— Думаете, я ещё долго буду поить вас вином из серебряных чаш? Нет! Это при Хатшепсут вы праздновали её хеб-сед [116] …при Хатшепсут вы праздновали её хеб-сед… — Хеб-сед — ритуальное празднество в честь тридцатилетия (по другим источникам — двадцатипятилетия) царствования фараона, символизирующее магическое обновление его жизненных сил и процветания всей страны.

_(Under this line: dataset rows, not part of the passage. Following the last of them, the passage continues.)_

(* Let $K$ be a field, $S=K[x_1,\ldots,x_n]$, $I\subset S$ a monomial ideal with $I\ne S$ and $G(I)=\{x^{a_1},\ldots,x^{a_m}\}$. Let $T$, $T_l$ be as in the context. For $l=1,\ldots,n$ and $j=1,\ldots,m$ let $L_{l,a_j(l)}$ be a monomial ideal of $T_l$ such that $L_{l,a_j(l)}\subset L_{l,a_k(l)}$ whenever $a_j(l)\ge a_k(l)$, and put $L_j=\prod_{l=1}^nL_{l,a_j(l)}\subset T$. Let $\mathbb{F}^*$ be the complex of $L_1,\ldots,L_m$ induced by $I$. Then $\mathbb{F}^*$ is acyclic (i.e. $H_i(\mathbb{F}^* )=0$ for $i>0$) and $H_0(\mathbb{F}^* )=T/L$, where $L=\sum_{j=1}^mL_j$.
   Context: For $a\in\mathbb{N}^n$, $x^a=x_1^{a(1)}\cdots x_n^{a(n)}$; $G(I)$ is the minimal monomial generating set. $T$ is the polynomial ring over $K$ in variables $x_{l1},\ldots,x_{lm_l}$ ($l=1,\ldots,n$) and $T_l=K[x_{l1},\ldots,x_{lm_l}]$. Let $0\to F_p\to\cdots\to F_1\to F_0\to S/I\to 0$ be the $\mathbb{Z}^n$-graded minimal free resolution of $S/I$ with differential $\partial$, where $F_0=S$ with basis $f_{01}$ of degree $0$, and $F_i=\bigoplus_{j=1}^{\beta_i}Sf_{ij}$ with $f_{ij}$ homogeneous of multidegree $a_{ij}\in\mathbb{N}^n$; here $\beta_1=m$, $a_{1j}=a_j$ and $\partial(f_{1j})=x^{a_j}f_{01}$. Write $\partial(f_{ij})=\sum_k\lambda^{(i)}_{kj}x^{a_{ij}-a_{i-1,k}}f_{i-1,k}$ with $\lambda^{(i)}_{kj}\in K$, where $\lambda^{(i)}_{kj}=0$ whenever $a_{ij}-a_{i-1,k}\notin\mathbb{N}^n$; the matrices $\lambda^{(i)}=(\lambda^{(i)}_{kj})\in K^{\beta_{i-1}\times\beta_i}$ are the scalar matrices ($\lambda^{(1)}=(1,\ldots,1)$). Given monomial ideals $L_1,\ldots,L_m$ of $T$, the complex $\mathbb{F}^*$ of $L_1,\ldots,L_m$ induced by $I$ is defined by $F^*_0=T$, $F^*_i=\bigoplus_{j=1}^{\beta_i}L_{ij}$ for $1\le i\le p$, where $L_{1j}=L_j$ and, for $i\ge2$, $L_{ij}=\bigcap_{k:\lambda^{(i)}_{kj}\neq0}L_{i-1,k}$; the differential $\partial^*:F^*_i\to F^*_{i-1}$ maps a column vector $u=(u_1,\ldots,u_{\beta_i})^T$, $u_j\in L_{ij}$, to $\lambda^{(i)}u$. *)

theory Defs
  imports "HOL-Library.Poly_Mapping"
begin

type_synonym ('v, 'k) mpoly = "('v \<Rightarrow>\<^sub>0 nat) \<Rightarrow>\<^sub>0 'k"

definition monom :: "('v \<Rightarrow>\<^sub>0 nat) \<Rightarrow> ('v, 'k::zero_neq_one) mpoly" where
  "monom a = Poly_Mapping.single a 1"

definition const :: "'k::zero \<Rightarrow> ('v, 'k) mpoly" where
  "const c = Poly_Mapping.single 0 c"

(* componentwise order on exponent vectors: x^a divides x^b *)
definition mle :: "('v \<Rightarrow>\<^sub>0 nat) \<Rightarrow> ('v \<Rightarrow>\<^sub>0 nat) \<Rightarrow> bool" where
  "mle a b \<longleftrightarrow> (\<forall>l. Poly_Mapping.lookup a l \<le> Poly_Mapping.lookup b l)"

definition subring_vars :: "'v set \<Rightarrow> ('v, 'k::zero) mpoly set" where
  "subring_vars V = {f. \<forall>a \<in> Poly_Mapping.keys f. Poly_Mapping.keys a \<subseteq> V}"

definition is_ideal_in :: "'a::comm_ring_1 set \<Rightarrow> 'a set \<Rightarrow> bool" where
  "is_ideal_in R J \<longleftrightarrow> J \<subseteq> R \<and> 0 \<in> J \<and> (\<forall>x\<in>J. \<forall>y\<in>J. x + y \<in> J)
      \<and> (\<forall>r\<in>R. \<forall>x\<in>J. r * x \<in> J)"

definition ideal_gen :: "'a::comm_ring_1 set \<Rightarrow> 'a set \<Rightarrow> 'a set" where
  "ideal_gen R G = \<Inter>{J. is_ideal_in R J \<and> G \<subseteq> J}"

definition monomial_ideal_in :: "'v set \<Rightarrow> ('v, 'k::comm_ring_1) mpoly set \<Rightarrow> bool" where
  "monomial_ideal_in V J \<longleftrightarrow> is_ideal_in (subring_vars V) J \<and>
     (\<exists>M. (\<forall>a\<in>M. Poly_Mapping.keys a \<subseteq> V) \<and> J = ideal_gen (subring_vars V) (monom ` M))"

(* exponents of the minimal monomial generating set G(I) of a monomial ideal I *)
definition mingens :: "('v, 'k::comm_ring_1) mpoly set \<Rightarrow> ('v \<Rightarrow>\<^sub>0 nat) set" where
  "mingens I = {a. monom a \<in> I \<and> (\<forall>b. monom b \<in> I \<and> mle b a \<longrightarrow> b = a)}"

(* free module of rank b: vectors indexed by j < b *)
definition freemod :: "nat \<Rightarrow> (nat \<Rightarrow> 'a::zero) set" where
  "freemod b = {u. \<forall>j\<ge>b. u j = 0}"

(* differential \<partial>_i of the Z^n-graded free complex with basis degrees a i j and
   scalar matrices lam i k j:  \<partial>(f_ij) = \<Sum>_k lam i k j x^(a_ij - a_(i-1)k) f_(i-1)k *)
definition dres :: "(nat \<Rightarrow> nat) \<Rightarrow> (nat \<Rightarrow> nat \<Rightarrow> ('v \<Rightarrow>\<^sub>0 nat)) \<Rightarrow> (nat \<Rightarrow> nat \<Rightarrow> nat \<Rightarrow> 'k::comm_ring_1)
     \<Rightarrow> nat \<Rightarrow> (nat \<Rightarrow> ('v, 'k) mpoly) \<Rightarrow> (nat \<Rightarrow> ('v, 'k) mpoly)" where
  "dres \<beta> a lam i u = (\<lambda>k. if k < \<beta> (i - 1)
      then (\<Sum>j<\<beta> i. const (lam i k j) * monom (a i j - a (i - 1) k) * u j) else 0)"

(* (p, \<beta>, a, lam) describe the Z^n-graded minimal free resolution
   0 \<rightarrow> F_p \<rightarrow> ... \<rightarrow> F_1 \<rightarrow> F_0 = S \<rightarrow> S/I \<rightarrow> 0 of S/I, with F_i = S^(\<beta> i) *)
definition is_min_graded_res ::
  "('v, 'k::field) mpoly set \<Rightarrow> nat \<Rightarrow> (nat \<Rightarrow> nat) \<Rightarrow> (nat \<Rightarrow> nat \<Rightarrow> ('v \<Rightarrow>\<^sub>0 nat))
     \<Rightarrow> (nat \<Rightarrow> nat \<Rightarrow> nat \<Rightarrow> 'k) \<Rightarrow> bool" where
  "is_min_graded_res I p \<beta> a lam \<longleftrightarrow>
     \<beta> 0 = 1 \<and> a 0 0 = 0 \<and> (\<forall>i>p. \<beta> i = 0) \<and>
     (\<forall>i k j. 1 \<le> i \<and> j < \<beta> i \<and> k < \<beta> (i - 1) \<and> lam i k j \<noteq> 0 \<longrightarrow>
         mle (a (i - 1) k) (a i j) \<and> a (i - 1) k \<noteq> a i j) \<and>
     dres \<beta> a lam 1 ` freemod (\<beta> 1) = {u. u 0 \<in> I \<and> (\<forall>k\<ge>1. u k = 0)} \<and>
     (\<forall>i. 1 \<le> i \<and> i \<le> p \<longrightarrow>
        {u \<in> freemod (\<beta> i). dres \<beta> a lam i u = (\<lambda>_. 0)} = dres \<beta> a lam (Suc i) ` freemod (\<beta> (Suc i)))"

fun Lind :: "(nat \<Rightarrow> nat) \<Rightarrow> (nat \<Rightarrow> nat \<Rightarrow> nat \<Rightarrow> 'k::zero) \<Rightarrow> (nat \<Rightarrow> 'a set) \<Rightarrow> nat \<Rightarrow> nat \<Rightarrow> 'a set" where
  "Lind \<beta> lam L 0 j = UNIV"
| "Lind \<beta> lam L (Suc 0) j = L j"
| "Lind \<beta> lam L (Suc (Suc i)) j =
     \<Inter>{Lind \<beta> lam L (Suc i) k | k. k < \<beta> (Suc i) \<and> lam (Suc (Suc i)) k j \<noteq> 0}"

(* the module F*_i = \<Oplus>_j L_ij, as column vectors *)
definition Fstar :: "(nat \<Rightarrow> nat) \<Rightarrow> (nat \<Rightarrow> nat \<Rightarrow> nat \<Rightarrow> 'k::zero) \<Rightarrow> (nat \<Rightarrow> 'a::zero set) \<Rightarrow> nat
     \<Rightarrow> (nat \<Rightarrow> 'a) set" where
  "Fstar \<beta> lam L i = {u. (\<forall>j<\<beta> i. u j \<in> Lind \<beta> lam L i j) \<and> (\<forall>j\<ge>\<beta> i. u j = 0)}"

definition dstar :: "(nat \<Rightarrow> nat) \<Rightarrow> (nat \<Rightarrow> nat \<Rightarrow> nat \<Rightarrow> 'k::comm_ring_1) \<Rightarrow> nat
     \<Rightarrow> (nat \<Rightarrow> ('w, 'k) mpoly) \<Rightarrow> (nat \<Rightarrow> ('w, 'k) mpoly)" where
  "dstar \<beta> lam i u = (\<lambda>k. if k < \<beta> (i - 1) then (\<Sum>j<\<beta> i. const (lam i k j) * u j) else 0)"

end

theory Submission
  imports Defs
begin

text \<open>Whether a monomial \<open>x^c\<close> of \<open>T\<close> lies in \<open>L_j\<close> depends only on \<open>c\<close> through one
  exponent vector \<open>B(c)\<close>: the block parts of \<open>c\<close> must lie in the factors
  \<open>L_{l,a_j(l)}\<close>, and since these factors shrink as the exponent grows this happens exactly
  when \<open>a_j \<le> B(c)\<close>, where \<open>B(c)_l\<close> is the largest admissible exponent.  By minimality of the
  resolution each degree \<open>a_ij\<close> is the least common multiple of the degrees in its column of
  \<open>\<lambda>^(i)\<close>, so the same description holds for every \<open>L_ij\<close> with \<open>a_ij\<close> in place of \<open>a_j\<close>.
  Hence the coefficient of \<open>x^c\<close> in the complex \<open>F*\<close> is the strand of the \<open>\<int>^n\<close>-graded
  resolution in multidegree \<open>B(c)\<close>, a complex of \<open>K\<close>-vector spaces which is exact because the
  resolution is.\<close>

section \<open>Polynomials and exponent vectors\<close>

lemma const_0 [simp]: "const 0 = 0"
  by (simp add: const_def)

lemma const_1 [simp]: "const 1 = 1"
  by (simp add: const_def)

lemma lookup_const_mult:
  "Poly_Mapping.lookup (const x * (f :: ('v, 'k::comm_ring_1) mpoly)) c = x * Poly_Mapping.lookup f c"
proof -
  have "const x * f = Poly_Mapping.map ((*) x) f"
    by (simp add: const_def mult_map_scale_conv_mult)
  then show ?thesis
    by (simp add: Poly_Mapping.map.rep_eq when_def)
qed

lemma keys_const_mult_subset:
  "Poly_Mapping.keys (const x * (f :: ('v, 'k::comm_ring_1) mpoly)) \<subseteq> Poly_Mapping.keys f"
  by (auto simp: in_keys_iff lookup_const_mult)
(* Let $(X,d)$ be a compact metric space and let $f:X\to X$ be a continuous map. Then there is no subsystem $(Y,f|_Y)$ of $(X,f)$ such that the chain components poset $(\mathfrak{C}(Y,f|_Y),\preceq)$ is linearly and densely ordered.
   Context: A subsystem of $(X,f)$ is a pair $(Y,f|_Y)$ with $Y\subseteq X$ closed and $f$-invariant, i.e. $f(Y)\subseteq Y$. For a metric space $(Z,d)$ and map $g:Z\to Z$: an $\varepsilon$-chain from $x$ to $y$ is a finite sequence $x_0=x,\dots,x_n=y$ in $Z$, $n\ge1$, with $d(g(x_i),x_{i+1})<\varepsilon$; $x\,\mathcal{C}\,y$ iff for every $\varepsilon>0$ there is an $\varepsilon$-chain from $x$ to $y$; $CR(Z,g)=\{x:x\,\mathcal{C}\,x\}$; $x\,E\,y$ iff $x\,\mathcal{C}\,y$ and $y\,\mathcal{C}\,x$; $\mathfrak{C}(Z,g)=CR(Z,g)/E$ (chain components), ordered by $[x]\preceq[y]$ iff $y\,\mathcal{C}\,x$. A poset is densely ordered if it has at least two elements and for every $a<b$ there is $c$ with $a<c<b$. *)

theory Defs
  imports "HOL-Analysis.Analysis"
begin

definition eps_chain :: "'a::metric_space set \<Rightarrow> ('a \<Rightarrow> 'a) \<Rightarrow> real \<Rightarrow> 'a \<Rightarrow> 'a \<Rightarrow> bool" where
  "eps_chain Z g e x y \<longleftrightarrow>
     (\<exists>n::nat. \<exists>xs::nat \<Rightarrow> 'a. n \<ge> 1 \<and> xs 0 = x \<and> xs n = y \<and> (\<forall>i\<le>n. xs i \<in> Z)
        \<and> (\<forall>i<n. dist (g (xs i)) (xs (Suc i)) < e))"

definition chain_rel :: "'a::metric_space set \<Rightarrow> ('a \<Rightarrow> 'a) \<Rightarrow> 'a \<Rightarrow> 'a \<Rightarrow> bool" where
  "chain_rel Z g x y \<longleftrightarrow> (\<forall>e>0. eps_chain Z g e x y)"

definition chain_recurrent :: "'a::metric_space set \<Rightarrow> ('a \<Rightarrow> 'a) \<Rightarrow> 'a set" where
  "chain_recurrent Z g = {x \<in> Z. chain_rel Z g x x}"

definition chain_equiv :: "'a::metric_space set \<Rightarrow> ('a \<Rightarrow> 'a) \<Rightarrow> ('a \<times> 'a) set" where
  "chain_equiv Z g = {(x, y). x \<in> chain_recurrent Z g \<and> y \<in> chain_recurrent Z g
                        \<and> chain_rel Z g x y \<and> chain_rel Z g y x}"

definition chain_components :: "'a::metric_space set \<Rightarrow> ('a \<Rightarrow> 'a) \<Rightarrow> 'a set set" where
  "chain_components Z g = chain_recurrent Z g // chain_equiv Z g"

definition comp_le :: "'a::metric_space set \<Rightarrow> ('a \<Rightarrow> 'a) \<Rightarrow> 'a set \<Rightarrow> 'a set \<Rightarrow> bool" where
  "comp_le Z g A B \<longleftrightarrow> (\<exists>x\<in>A. \<exists>y\<in>B. chain_rel Z g y x)"

definition linearly_densely_ordered :: "'b set \<Rightarrow> ('b \<Rightarrow> 'b \<Rightarrow> bool) \<Rightarrow> bool" where
  "linearly_densely_ordered P le \<longleftrightarrow>
     (\<forall>a\<in>P. \<forall>b\<in>P. le a b \<or> le b a) \<and>
     (\<exists>a\<in>P. \<exists>b\<in>P. a \<noteq> b) \<and>
     (\<forall>a\<in>P. \<forall>b\<in>P. le a b \<and> a \<noteq> b \<longrightarrow> (\<exists>c\<in>P. le a c \<and> a \<noteq> c \<and> le c b \<and> c \<noteq> b))"

end

theory Submission
  imports Defs
begin

text \<open>
  Suppose the chain components of a compact subsystem Y are linearly ordered and pick chain
  recurrent points a, b such that for some \<open>\<epsilon> > 0\<close> there is no \<open>\<epsilon>\<close>-chain from a to b.
  The set R of points reachable from a by \<open>\<epsilon>\<close>-chains is open in Y and closed under the
  chain relation; its trace on the chain recurrent set CR is also closed, because a chain
  from a chain recurrent point z back to itself can be rerouted to start at any nearby
  point of R. So CR splits into the compact pieces \<open>CR \<inter> R\<close> (a lower set of components)
  and \<open>CR - R\<close> (an upper set). By compactness and linearity (finite intersection property)
  the first has a greatest component and the second a least one, and nothing lies strictly
  between them, contradicting density.
\<close>

lemma eps_chain_endpoints: "eps_chain Z g e x y \<Longrightarrow> x \<in> Z \<and> y \<in> Z"
  unfolding eps_chain_def by (metis le0 order_refl)

lemma eps_chain_step: "x \<in> Z \<Longrightarrow> y \<in> Z \<Longrightarrow> dist (g x) y < e \<Longrightarrow> eps_chain Z g e x y"
  unfolding eps_chain_def
  by (rule exI[of _ 1], rule exI[of _ "\<lambda>i. if i = 0 then x else y"]) (simp add: le_Suc_eq)

lemma eps_chain_mono: "eps_chain Z g e x y \<Longrightarrow> e \<le> e' \<Longrightarrow> eps_chain Z g e' x y"
  unfolding eps_chain_def by (blast intro: less_le_trans)

lemma eps_chain_trans:
  assumes "eps_chain Z g e x y" "eps_chain Z g e y z"
  shows "eps_chain Z g e x z"
proof -
  obtain n xs where xs: "n \<ge> 1" "xs 0 = x" "xs n = y" "\<forall>i\<le>n. xs i \<in> Z"
      "\<forall>i<n. dist (g (xs i)) (xs (Suc i)) < e"
    using assms(1) unfolding eps_chain_def by blast
  obtain m ys where ys: "m \<ge> 1" "ys 0 = y" "ys m = z" "\<forall>i\<le>m. ys i \<in> Z"
      "\<forall>i<m. dist (g (ys i)) (ys (Suc i)) < e"
    using assms(2) unfolding eps_chain_def by blast
  define zs where "zs i = (if i \<le> n then xs i else ys (i - n))" for i
  have "dist (g (zs i)) (zs (Suc i)) < e" if "i < n + m" for i
  proof (cases "i < n")
    case False
    then have "zs i = ys (i - n)" "zs (Suc i) = ys (Suc (i - n))"
      using xs(3) ys(2) by (auto simp: zs_def Suc_diff_le)
    then show ?thesis using ys(5) that False by simp
  qed (use xs in \<open>simp add: zs_def\<close>)
  moreover have "\<forall>i\<le>n + m. zs i \<in> Z"
    using xs ys by (simp add: zs_def)
  ultimately show ?thesis
    unfolding eps_chain_def using xs ys
    by (intro exI[of _ "n + m"] exI[of _ zs]) (simp add: zs_def)
qed

lemma eps_chain_last_step:
  assumes "eps_chain Z g e x y"
  obtains w where "w = x \<or> eps_chain Z g e x w" "w \<in> Z" "dist (g w) y < e"
proof -
  obtain n xs where xs: "n \<ge> 1" "xs 0 = x" "xs n = y" "\<forall>i\<le>n. xs i \<in> Z"
      "\<forall>i<n. dist (g (xs i)) (xs (Suc i)) < e"
    using assms unfolding eps_chain_def by blast
  then obtain k where k: "n = Suc k" by (cases n) auto
  have "xs k = x \<or> eps_chain Z g e x (xs k)"
  proof (cases "k = 0")
    case False
    then show ?thesis
      unfolding eps_chain_def using xs k by (intro disjI2 exI[of _ k] exI[of _ xs]) auto
  qed (use xs in simp)
  moreover have "xs k \<in> Z" "dist (g (xs k)) y < e"
    using xs k by auto
  ultimately show thesis by (rule that)
qed

lemma eps_chain_first_step:
  assumes "eps_chain Z g e x y"
  obtains w where "w = y \<or> eps_chain Z g e w y" "w \<in> Z" "dist (g x) w < e"
proof -
  obtain n xs where xs: "n \<ge> 1" "xs 0 = x" "xs n = y" "\<forall>i\<le>n. xs i \<in> Z"
      "\<forall>i<n. dist (g (xs i)) (xs (Suc i)) < e"
    using assms unfolding eps_chain_def by blast
  then obtain k where k: "n = Suc k" by (cases n) auto
  have "xs 1 = y \<or> eps_chain Z g e (xs 1) y"
  proof (cases "k = 0")
    case False
    then show ?thesis
      unfolding eps_chain_def using xs k
      by (intro disjI2 exI[of _ k] exI[of _ "\<lambda>i. xs (Suc i)"]) auto
  qed (use xs k in simp)
  moreover have "xs 1 \<in> Z" "dist (g x) (xs 1) < e"
    using xs k by auto
  ultimately show thesis by (rule that)
qed

lemma eps_chain_perturb_end:
  assumes "eps_chain Z g e x y" "y' \<in> Z" "dist y y' < d"
  shows "eps_chain Z g (e + d) x y'"
proof -
  obtain w where w: "w = x \<or> eps_chain Z g e x w" "w \<in> Z" "dist (g w) y < e"
    using eps_chain_last_step[OF assms(1)] .
  have "dist (g w) y' < e + d"
    using dist_triangle[of "g w" y' y] w(3) assms(3) by simp
  then have "eps_chain Z g (e + d) w y'"
    using w(2) assms(2) by (rule eps_chain_step[rotated 2])
  moreover have "e \<le> e + d"
    using assms(3) zero_le_dist[of y y'] by linarith
  ultimately show ?thesis
    using w(1) eps_chain_mono eps_chain_trans by blast
qed

lemma eps_chain_perturb_start:
  assumes "eps_chain Z g e x y" "x' \<in> Z" "dist (g x') (g x) < d"
  shows "eps_chain Z g (e + d) x' y"
proof -
  obtain w where w: "w = y \<or> eps_chain Z g e w y" "w \<in> Z" "dist (g x) w < e"
    using eps_chain_first_step[OF assms(1)] .
  have "dist (g x') w < e + d"
    using dist_triangle[of "g x'" w "g x"] w(3) assms(3) by simp
  then have "eps_chain Z g (e + d) x' w"
    using assms(2) w(2) by (rule eps_chain_step[rotated 2])
  moreover have "e \<le> e + d"
    using assms(3) zero_le_dist[of "g x'" "g x"] by linarith
  ultimately show ?thesis
    using w(1) eps_chain_mono eps_chain_trans by blast
qed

, валяясь на циновках и визжа от радости, пока ваши колесницы заносили пески и кони старели и превращались в облезлых кляч! Завтра же, вы слышали — завтра же моё величество начинает готовиться к походу, сперва возьму Уазу, потом пойду на Митанни! И тем, кто уклонится от похода, придётся много серебра потратить на драгоценные бальзамы, ибо труп его повиснет на носу корабля и будет флагом, сопровождающим меня в путешествии по Евфрату! Поняли вы? Я подарю моему сыну Митанни, а если понадобится, прибавлю к подарку ещё с десяток трусливых голов, которыми лучше удобрить поля пшеницы, чем терпеть их на разжиревших телах! Ты, Рамери, — неожиданно обратился фараон к начальнику своих телохранителей, — ты помнишь, что я обещал даровать тебе свободу после похода в Митанни? Так поторопи же этих любимцев продажной девки Хатшепсут, чтобы они помогли тебе стать свободным человеком! Убей каждого, кто проявит нерешительность, и тогда я скажу, что воистину твоё сердце изгнало проклятую ханаанскую кровь! Хоть ты и хуррит по рождению, я готов назвать тебя истинным сыном Кемет, более истинным, чем эти гиппопотамы, предпочитающие отсиживаться в тростниках! Ты меня понял?
Рамери низко склонился перед фараоном, не произнеся ни слова.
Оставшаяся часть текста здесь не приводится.